An example script might look like this:

@tasks_raw =
    EXTRACT AccountId string,
            Id string,            
            OwnerId string,            
            Status string,
            Subject string,
	     ....
	     .... More Fields ....,
	     ....
            WhatCount int?,
            WhatId string,
            WhoCount int?,
            WhoId string
    FROM "/RawData/Salesforce/Task/2016/01/25/Task.csv"
    USING Extractors.Csv();



@tasks_subset =
    SELECT AccountId,
           ActivityDate,          
           CreatedById,
           CreatedDate,
           Id,           
           OwnerId,
           Status
    FROM @tasks_raw;



OUTPUT @tasks_subset
TO "/Subset/Salesforce/Task/2016/01/25/Task.csv"
USING Outputters.Csv();

The first step is to impose a schema on top of the current file by using the “Extract” syntax, there by storing that into a variable. Then from the newly created variable I can select only a subset of columns which I need for later processing to store. The common problem I have run into is with the Extract portion of this script. I have frequently received the Unexpected Number of Columns error as seen in the screen shot below.

image

Solution

The most common cause of this error, especially when the input file is a CSV, is a “comma” in one of the data cells. After I completed all possible sanitization of the data before writing it to ADLS using the .net SDK I still received this error.

I began a dialog with the Azure Data Lake team, who informed me that using the ADLS .net SDK to create and append data to a file in ADLS could be causing a column alignment issue. If you are using the .net SDK to create a file and then append data to it, be aware there is a 4 MB limit on the request. This means that if you send a request with N number of rows and that batch is over 4 MB, the request will terminate in the middle of the record and not in a record boundary delimiter. The solution here is simple, I needed to add some logic to batch the rows to be stored in 4 MB or less chunks, ensuring that the final row would end on a record boundary.
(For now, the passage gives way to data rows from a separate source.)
lemma on_quadric_span_insert_iff:
  assumes "vec.subspace A" "on_quadric Q A"
  shows "on_quadric Q (vec.span (insert x A)) \<longleftrightarrow> Q x = 0 \<and> (\<forall>a\<in>A. polar Q x a = 0)"
proof -
  have QA: "\<forall>a\<in>A. Q a = 0"
    using assms(2) quadratic_form_zero by (auto simp: on_quadric_def)
  have "on_quadric Q (vec.span (insert x A)) \<longleftrightarrow> (\<forall>a\<in>A. Q (x + a) = 0)"
    using QA quadratic_form_zero
    by (auto simp: on_quadric_def span_insert_subspace [OF assms(1)]) (metis UnI2 imageI)
  also have "\<dots> \<longleftrightarrow> Q x = 0 \<and> (\<forall>a\<in>A. polar Q x a = 0)"
  proof -
    have "0 \<in> A"
      using assms(1) by (simp add: subspace_bit_iff)
    then have "(\<forall>a\<in>A. Q (x + a) = 0) \<longrightarrow> Q x = 0"
      by force
    then show ?thesis
      using QA by (auto simp: add_polar [of Q x])
  qed
  finally show ?thesis .
qed

end

section \<open>Character sums\<close>

definition bit_char :: "bit \<Rightarrow> real" where
  "bit_char b = (if b = 0 then 1 else -1)"

lemma bit_char_add: "bit_char (a + b) = bit_char a * bit_char b"
  by (cases a; cases b) (simp_all add: bit_char_def)

lemma sum_bit_char_additive:
  fixes D :: "(bit^'n) set" and f :: "bit^'n \<Rightarrow> bit"
  assumes D: "vec.subspace D" and f: "\<And>a b. a \<in> D \<Longrightarrow> b \<in> D \<Longrightarrow> f (a + b) = f a + f b"
  shows "(\<Sum>d\<in>D. bit_char (f d)) = (if \<forall>d\<in>D. f d = 0 then real (card D) else 0)"
proof (cases "\<forall>d\<in>D. f d = 0")
  case False
  then obtain d0 where d0: "d0 \<in> D" "f d0 = 1"
    by auto
  have "bij_betw ((+) d0) D D"
    by (rule bij_betwI [where g = "(+) d0"]) (use D d0 in \<open>auto simp: subspace_bit_iff\<close>)
  then have "(\<Sum>d\<in>D. bit_char (f d)) = (\<Sum>d\<in>D. bit_char (f (d0 + d)))"
    using sum.reindex_bij_betw [of "(+) d0" D D "\<lambda>d. bit_char (f d)"] by simp
  also have "\<dots> = - (\<Sum>d\<in>D. bit_char (f d))"
    using d0 by (simp add: f bit_char_add sum_negf bit_char_def [of 1])
  finally have "(\<Sum>d\<in>D. bit_char (f d)) = 0"
    by simp
  then show ?thesis
    unfolding if_not_P [OF False] .
qed (simp add: bit_char_def)

lemma card_kernel_half:
  fixes D :: "(bit^'n) set" and f :: "bit^'n \<Rightarrow> bit"
  assumes "vec.subspace D" and "\<And>a b. a \<in> D \<Longrightarrow> b \<in> D \<Longrightarrow> f (a + b) = f a + f b"
    and "d0 \<in> D" "f d0 \<noteq> 0"
  shows "2 * card {d \<in> D. f d = 0} = card D"
proof -
  have "(\<Sum>d\<in>D. bit_char (f d)) = (\<Sum>d\<in>D. 2 * of_bool (d \<in> {d \<in> D. f d = 0}) - 1)"
    by (rule sum.cong) (auto simp: bit_char_def)
  also have "\<dots> = 2 * real (card {d \<in> D. f d = 0}) - real (card D)"
    by (simp add: sum_subtractf sum_distrib_left flip: sum.inter_restrict) (simp add: Int_def)
  moreover have "\<not> (\<forall>d\<in>D. f d = 0)"
    using assms(3,4) by blast
  ultimately have "real (2 * card {d \<in> D. f d = 0}) = real (card D)"
    using sum_bit_char_additive [OF assms(1,2)] by simp
  then show ?thesis
    by (simp only: of_nat_eq_iff)
qed

section \<open>Counting singular vectors orthogonal to a subspace\<close>

locale nonsingular_quadric_form =
  fixes Q :: "bit^'n \<Rightarrow> bit"
  assumes nonsingular: "nonsingular_quadric Q"
begin

lemma quadratic_form: "quadratic_form Q"
  using nonsingular by (simp add: nonsingular_quadric_def)

lemmas Q_zero = quadratic_form_zero [OF quadratic_form]
  and polar_commute = polar_commute [OF quadratic_form]
  and polar_add_left = polar_add_left [OF quadratic_form]
  and polar_add_right = polar_add_right [OF quadratic_form]
  and polar_self = polar_self [OF quadratic_form]
  and polar_zero_left = polar_zero_left [OF quadratic_form]
  and polar_zero_right = polar_zero_right [OF quadratic_form]

definition in_radical :: "bit^'n \<Rightarrow> bool" where
  "in_radical u \<longleftrightarrow> (\<forall>w. polar Q u w = 0)"

definition char_sum :: real where
  "char_sum = (\<Sum>w\<in>UNIV. bit_char (Q w))"

definition perp_weight :: "bit^'n \<Rightarrow> real" where
  "perp_weight d = (if in_radical d then real CARD(bit^'n) else 0) + bit_char (Q d) * char_sum"

definition singular_perp :: "(bit^'n) set \<Rightarrow> (bit^'n) set" where
  "singular_perp D = {w. Q w = 0 \<and> (\<forall>d\<in>D. polar Q d w = 0)}"

lemma in_radical_singular_eq_0: "in_radical u \<Longrightarrow> Q u = 0 \<Longrightarrow> u = 0"
  using nonsingular unfolding nonsingular_quadric_def in_radical_def by blast

lemma in_radical_0: "in_radical 0"
  by (simp add: in_radical_def polar_zero_left)

lemma sum_bit_char_polar:
  "(\<Sum>w\<in>UNIV. bit_char (polar Q u w)) = (if in_radical u then real CARD(bit^'n) else 0)"
  using sum_bit_char_additive [of UNIV "polar Q u"]
  by (simp add: subspace_bit_iff polar_add_right in_radical_def)

lemma sum_bit_char_add_polar:
  "(\<Sum>w\<in>UNIV. bit_char (Q w + polar Q u w)) = bit_char (Q u) * char_sum"
proof -
  have "bij_betw ((+) u) UNIV UNIV"
    by (rule bij_betwI [where g = "(+) u"]) simp_all
  then have "char_sum = (\<Sum>w\<in>UNIV. bit_char (Q (u + w)))"
    unfolding char_sum_def
    using sum.reindex_bij_betw [of "(+) u" UNIV UNIV "\<lambda>w. bit_char (Q w)"] by simp
  also have "\<dots> = bit_char (Q u) * (\<Sum>w\<in>UNIV. bit_char (Q w + polar Q u w))"
    by (simp add: add_polar [of Q u] bit_char_add sum_distrib_left add.assoc)
  finally show ?thesis
    by (cases "Q u") (simp_all add: bit_char_def)
qed

text \<open>The indicator of Q w = 0 is (1 + bit_char (Q w)) / 2, and that of w \<perp> D is the average
  of bit_char (polar Q d w) over d \<in> D; summing over w and exchanging the sums gives the weights.\<close>

lemma card_singular_perp:
  assumes D: "vec.subspace D"
  shows "2 * real (card D) * real (card (singular_perp D)) = (\<Sum>d\<in>D. perp_weight d)"
proof -
  have perp: "(\<Sum>d\<in>D. bit_char (polar Q d w))
      = real (card D) * of_bool (\<forall>d\<in>D. polar Q d w = 0)" for w
    using sum_bit_char_additive [OF D, of "\<lambda>d. polar Q d w"] by (simp add: polar_add_left)
  have "(1 + bit_char (Q w)) * (\<Sum>d\<in>D. bit_char (polar Q d w))
      = 2 * real (card D) * of_bool (w \<in> singular_perp D)" for w
    unfolding perp by (simp add: singular_perp_def bit_char_def)
  then have "2 * real (card D) * real (card (singular_perp D))
      = (\<Sum>w\<in>UNIV. (1 + bit_char (Q w)) * (\<Sum>d\<in>D. bit_char (polar Q d w)))"
    by (simp flip: sum_distrib_left)
  also have "\<dots> = (\<Sum>d\<in>D. \<Sum>w\<in>UNIV. bit_char (polar Q d w) + bit_char (Q w + polar Q d w))"
    by (simp add: sum_distrib_left distrib_right bit_char_add flip: sum.distrib)
      (rule sum.swap)
  also have "\<dots> = (\<Sum>d\<in>D. perp_weight d)"
    by (simp add: perp_weight_def sum.distrib sum_bit_char_polar sum_bit_char_add_polar)
  finally show ?thesis .
qed

lemma singular_perp_insert: "singular_perp (insert x D) = {w \<in> singular_perp D. polar Q x w = 0}"
  by (auto simp: singular_perp_def)

lemma singular_perp_span: "singular_perp (vec.span S) = singular_perp S"
proof
  show "singular_perp (vec.span S) \<subseteq> singular_perp S"
    using vec.span_base by (auto simp: singular_perp_def)
  show "singular_perp S \<subseteq> singular_perp (vec.span S)"
  proof
    fix w assume w: "w \<in> singular_perp S"
    have "vec.span S \<subseteq> {d. polar Q d w = 0}"
      by (rule vec.span_minimal) (use w subspace_polar_kernel [OF quadratic_form] in
        \<open>auto simp: singular_perp_def\<close>)
    then show "w \<in> singular_perp (vec.span S)"
      using w by (auto simp: singular_perp_def)
  qed
qed

lemma subset_singular_perp:
  assumes "vec.subspace W" "on_quadric Q W"
  shows "W \<subseteq> singular_perp W"
  using assms on_quadric_imp_polar_zero [OF quadratic_form] Q_zero
  by (auto simp: singular_perp_def on_quadric_def)

lemma sum_perp_weight_on_quadric:
  assumes "vec.subspace D" "on_quadric Q D"
  shows "(\<Sum>d\<in>D. perp_weight d) = real CARD(bit^'n) + real (card D) * char_sum"
proof -
  have "perp_weight d = real CARD(bit^'n) * of_bool (d = 0) + char_sum" if "d \<in> D" for d
    using that assms(2) in_radical_singular_eq_0 in_radical_0 Q_zero
    by (auto simp: perp_weight_def on_quadric_def bit_char_def)
  moreover have "0 \<in> D"
    using assms(1) by (simp add: subspace_bit_iff)
  ultimately show ?thesis
    by (simp add: sum.distrib)
qed

lemma card_singular_perp_on_quadric:
  assumes "vec.subspace D" "on_quadric Q D"
  shows "2 * real (card D) * real (card (singular_perp D)) =
    real CARD(bit^'n) + real (card D) * char_sum"
  using card_singular_perp [OF assms(1)] sum_perp_weight_on_quadric [OF assms] by simp

text \<open>Adjoining a vector y that is not orthogonal to the totally singular subspace A halves the
  singular perp: on the coset y + A the weights cancel, as polar Q y is a nonzero linear form on A.\<close>

lemma card_singular_perp_insert_nonperp:
  assumes A: "vec.subspace A" "on_quadric Q A" and a: "a \<in> A" "polar Q y a \<noteq> 0"
  shows "2 * card (singular_perp (insert y A)) = card (singular_perp A)"
proof -
  have y: "y \<notin> A"
    using on_quadric_imp_polar_zero [OF quadratic_form A _ a(1)] a(2) by blast
  have QA: "Q b = 0" if "b \<in> A" for b
    using A(2) that Q_zero by (cases "b = 0") (auto simp: on_quadric_def)
  have "\<not> in_radical (y + b)" if "b \<in> A" for b
    using on_quadric_imp_polar_zero [OF quadratic_form A that a(1)] a(2)
    by (auto simp: in_radical_def polar_add_left intro!: exI [of _ a])
  then have "(\<Sum>b\<in>A. perp_weight (y + b))
      = bit_char (Q y) * char_sum * (\<Sum>b\<in>A. bit_char (polar Q y b))"
    by (simp add: perp_weight_def add_polar [of Q y] bit_char_add sum_distrib_left mult_ac QA)
  also have "(\<Sum>b\<in>A. bit_char (polar Q y b)) = 0"
    using sum_bit_char_additive [OF A(1), of "polar Q y"] a by (auto simp: polar_add_right)
  finally have coset: "(\<Sum>b\<in>A. perp_weight (y + b)) = 0"
    by simp
  have "2 * real (card (vec.span (insert y A))) * real (card (singular_perp (insert y A)))
      = real CARD(bit^'n) + real (card A) * char_sum"
    using card_singular_perp [of "vec.span (insert y A)"] sum_perp_weight_on_quadric [OF A] coset
      sum_span_insert_subspace [OF A(1) y, of perp_weight]
    by (simp add: singular_perp_span)
  also have "\<dots> = 2 * real (card A) * real (card (singular_perp A))"
    using card_singular_perp_on_quadric [OF A] by simp
  finally have "real (card A) * (2 * real (card (singular_perp (insert y A))))
      = real (card A) * real (card (singular_perp A))"
    by (simp add: card_span_insert_subspace [OF A(1) y])
  moreover have "card A \<noteq> 0"
    using a(1) by (simp add: card_eq_0_iff) blast
  ultimately have "real (2 * card (singular_perp (insert y A))) = real (card (singular_perp A))"
    by simp
  then show ?thesis
    by (simp only: of_nat_eq_iff)
qed

end

section \<open>The point graph\<close>

lemma of_nat_card_Diff_subset:
  assumes "finite S" "F \<subseteq> S"
  shows "real (card (S - F)) = real (card S) - real (card F)"
  using assms by (simp add: card_Diff_subset card_mono finite_subset)

lemma eq_nat_floor_if_of_nat_eq: "real k = c \<Longrightarrow> k = nat \<lfloor>c\<rfloor>"
  by auto

lemma qadj_irrefl: "\<not> qadj Q x x"
  by (simp add: qadj_def)

lemma qadj_commute: "qadj Q x y \<longleftrightarrow> qadj Q y x"
  by (auto simp: qadj_def insert_commute)

context nonsingular_quadric_form
begin

lemma qadj_iff_polar:
  assumes "x \<in> qpoints Q" "y \<in> qpoints Q"
  shows "qadj Q x y \<longleftrightarrow> x \<noteq> y \<and> polar Q x y = 0"
proof -
  have "Q x = 0" "Q y = 0"
    using assms by (simp_all add: qpoints_def)
  then have "on_quadric Q (vec.span {x, y}) \<longleftrightarrow> (x + y \<noteq> 0 \<longrightarrow> polar Q x y = 0)"
    by (simp add: on_quadric_def span_pair_bit add_polar [of Q x y])
  then show ?thesis
    by (auto simp: qadj_def vec_bit_add_eq_0_iff)
qed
Some sample code would look like this:

public void StoreData(string path, List rows, bool append)
{
	var buffer = new MemoryStream();
	var sw = new StreamWriter(buffer);

	foreach (var row in rows)
	{
		if (buffer.Length + Encoding.UTF8.GetByteCount(row) > FOURMB)
		{
			buffer.Position = 0;
			if (append)
			{
				execute_append(path, buffer);
			}
			else
			{
				execute_create(path, buffer);
				append = true;
			}

			buffer = new MemoryStream();
			sw = new StreamWriter(buffer);
		}
		sw.Write(row);
		sw.Flush();
	}

	if (buffer.Length <= 0) return;

	buffer.Position = 0;
	if (append)
	{
		execute_append(path, buffer);
	}
	else
	{
		execute_create(path, buffer);
	}	

}


private AzureOperationResponse execute_create(string path, MemoryStream ms)
{
	var beginCreateResponse = inner_client.FileSystem.BeginCreate(path, DataLakeAppConfig.DataLakeAccountName, new FileCreateParameters());
	var createResponse = inner_client.FileSystem.Create(beginCreateResponse.Location, ms);
	return createResponse;
}

private AzureOperationResponse execute_append(string path, MemoryStream ms)
{

	var beginAppendResponse = inner_client.FileSystem.BeginAppend(path, DataLakeAppConfig.DataLakeAccountName, null);
	var appendResponse = inner_client.FileSystem.Append(beginAppendResponse.Location, ms);
	return appendResponse;
}


Conclusion

While working with any type of delimited file you no doubt have run into this unexpected number of columns error. This problem is exacerbated by the fact that you may have hundreds of columns in the file which makes it very difficult to track down. If you are using the ADLS SDK to store files in the data lake and you feel you have thoroughly gone through all other possible solutions, give this a shot. Either way it might be worth changing your storing pattern to avoid this problem on a future data file.